On top of shutdown, food stamp stimulus ending
A temporary increase in food stamps expires Oct. 31, meaning for millions of Americans, the benefits that help put food on the table won’t stretch as far as they have for the past four years.
Food stamps – actually the Supplemental Nutrition Assistance Program – go to 47 million Americans a month, almost half of them children and teenagers.
Starting in 2009, the federal stimulus pumped $45.2 billion into SNAP, increasing what would have been a monthly benefit of $588 a month to $668 for an average household of four. In November, that same family will start getting $632 a month, about a 5 percent cut.
The benefits, which go to 1 in 7 Americans, fluctuate based on factors including food prices, inflation and income.
Families and providers worry the expiration of the stimulus bump comes at a particularly bad time:
– Though Census figures from September show poverty remains stuck at around 22 percent, in some states, including New Hampshire, the number of children living in poverty is climbing.
– The House voted to cut almost $4 billion a year from the roughly $80 billion-a-year program in an effort to find savings in the budget. A Senate bill would cut around $400 million a year.
– In cold weather states, even a slight decrease in the benefit can trigger a decision between heating and eating. Heating fuel prices are expected to increase this year too, the government warned this week.
And the program could face another shortfall if the government is shuttered past Nov. 1.
But the stimulus was never intended to be a permanent source of money, said former New Hampshire Sen. Judd Gregg.
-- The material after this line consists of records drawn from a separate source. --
text \<open>The unit is even: its odd part \<open>d\<close> satisfies \<open>d = d * d\<close>, which is even.\<close>
lemma one_Ev: "1 \<in> Ev"
proof -
  obtain e d where ed: "e \<in> Ev" "d \<in> Od" "1 = e + d" by (rule Ev_Od_decomp)
  have "e + 0 = e * e + e * d" using ed(3) by (metis add.right_neutral distrib_left mult.right_neutral)
  then have "e * d = 0" using Ev_Od_unique[of e 0 "e * e" "e * d"] ed Ev_mult_Ev Ev_mult_Od by auto
  have "0 + d = d * d + e * d" using ed(3)
    by (metis add.commute add.left_neutral distrib_right mult.left_neutral)
  then have "d = d * d" using Ev_Od_unique[of 0 d "d * d" "e * d"] ed Od_mult_Od \<open>e * d = 0\<close> by auto
  then have "d = 0" using Ev_Od_Int ed Od_mult_Od by metis
  then show ?thesis using ed by simp
qed

lemma sc_Ev: "sc c \<in> Ev"
  using Ev_sc[OF one_Ev, of c] by simp

abbreviation \<sigma> where "\<sigma> \<equiv> gaut Ev Od"

lemma gaut_Ev_Od: assumes "e \<in> Ev" "d \<in> Od" shows "\<sigma> (e + d) = e - d"
  unfolding gaut_def
proof (rule the_equality)
  show "\<exists>e'\<in>Ev. \<exists>f\<in>Od. e + d = e' + f \<and> e - d = e' - f" using assms by blast
  fix s assume "\<exists>e'\<in>Ev. \<exists>f\<in>Od. e + d = e' + f \<and> s = e' - f"
  then obtain e' f where "e' \<in> Ev" "f \<in> Od" "e + d = e' + f" "s = e' - f" by blast
  then show "s = e - d" using Ev_Od_unique[of e d e' f] assms by auto
qed

lemma gaut_Ev: "x \<in> Ev \<Longrightarrow> \<sigma> x = x"
  using gaut_Ev_Od[of x 0] by simp

lemma gaut_Od: "x \<in> Od \<Longrightarrow> \<sigma> x = - x"
  using gaut_Ev_Od[of 0 x] by simp

sublocale gaut: involutive_automorphism \<sigma>
proof
  fix x y :: 'r
  obtain e d where x: "e \<in> Ev" "d \<in> Od" "x = e + d" by (rule Ev_Od_decomp)
  obtain e' d' where y: "e' \<in> Ev" "d' \<in> Od" "y = e' + d'" by (rule Ev_Od_decomp)
  have \<sigma>x: "\<sigma> x = e - d" and \<sigma>y: "\<sigma> y = e' - d'"
    using x y gaut_Ev_Od by simp_all
  have "x + y = (e + e') + (d + d')" using x y by (simp add: algebra_simps)
  then have "\<sigma> (x + y) = (e + e') - (d + d')"
    by (simp only: gaut_Ev_Od Ev_add Od_add x(1,2) y(1,2))
  then show "\<sigma> (x + y) = \<sigma> x + \<sigma> y" by (simp add: \<sigma>x \<sigma>y algebra_simps)
  have "x * y = (e * e' + d * d') + (e * d' + d * e')"
    using x y by (simp add: algebra_simps)
  moreover have "e * e' + d * d' \<in> Ev" "e * d' + d * e' \<in> Od"
    using x y by (auto intro: Ev_add Od_add Ev_mult_Ev Od_mult_Od Ev_mult_Od Od_mult_Ev)
  ultimately have "\<sigma> (x * y) = (e * e' + d * d') - (e * d' + d * e')"
    by (simp add: gaut_Ev_Od)
  then show "\<sigma> (x * y) = \<sigma> x * \<sigma> y" by (simp add: \<sigma>x \<sigma>y algebra_simps)
  have "\<sigma> (e + (- d)) = e - (- d)" using x by (intro gaut_Ev_Od Od_uminus)
  then show "\<sigma> (\<sigma> x) = x" using \<sigma>x x(3) by simp
  show "\<sigma> 1 = 1" by (rule gaut_Ev[OF one_Ev])
qed

lemma homog_sum: "(\<And>x. x \<in> A \<Longrightarrow> homog Ev Od b (f x)) \<Longrightarrow> homog Ev Od b (sum f A)"
  by (induction A rule: infinite_finite_induct) (auto simp: homog_def Ev_add Od_add)

lemma homog_mult: "homog Ev Od b x \<Longrightarrow> homog Ev Od c y \<Longrightarrow> homog Ev Od (b \<noteq> c) (x * y)"
  by (auto simp: homog_def Ev_mult_Ev Ev_mult_Od Od_mult_Ev Od_mult_Od)

lemma homog_sc: "homog Ev Od b x \<Longrightarrow> homog Ev Od b (sc c * x)"
  by (auto simp: homog_def Ev_sc Od_sc)

lemma twist_homog: "homog Ev Od q x \<Longrightarrow> gaut.twist b x = sgnb (b \<and> q) * x"
  by (auto simp: homog_def gaut.twist_def gaut_Ev gaut_Od split: if_splits)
He opposed the stimulus, calling it at the time “a great deal of money not well spent.”
John Cochrane, a professor of finance at the University of Chicago’s Booth School of Business, also opposed the stimulus, saying it advanced the false assumption that “completely wasted federal spending helps the economy.”
He said that worries about people who need help were a legitimate concern but that food stamps create a disincentive to move to find a better job because recipients are worried they’ll lose the benefit.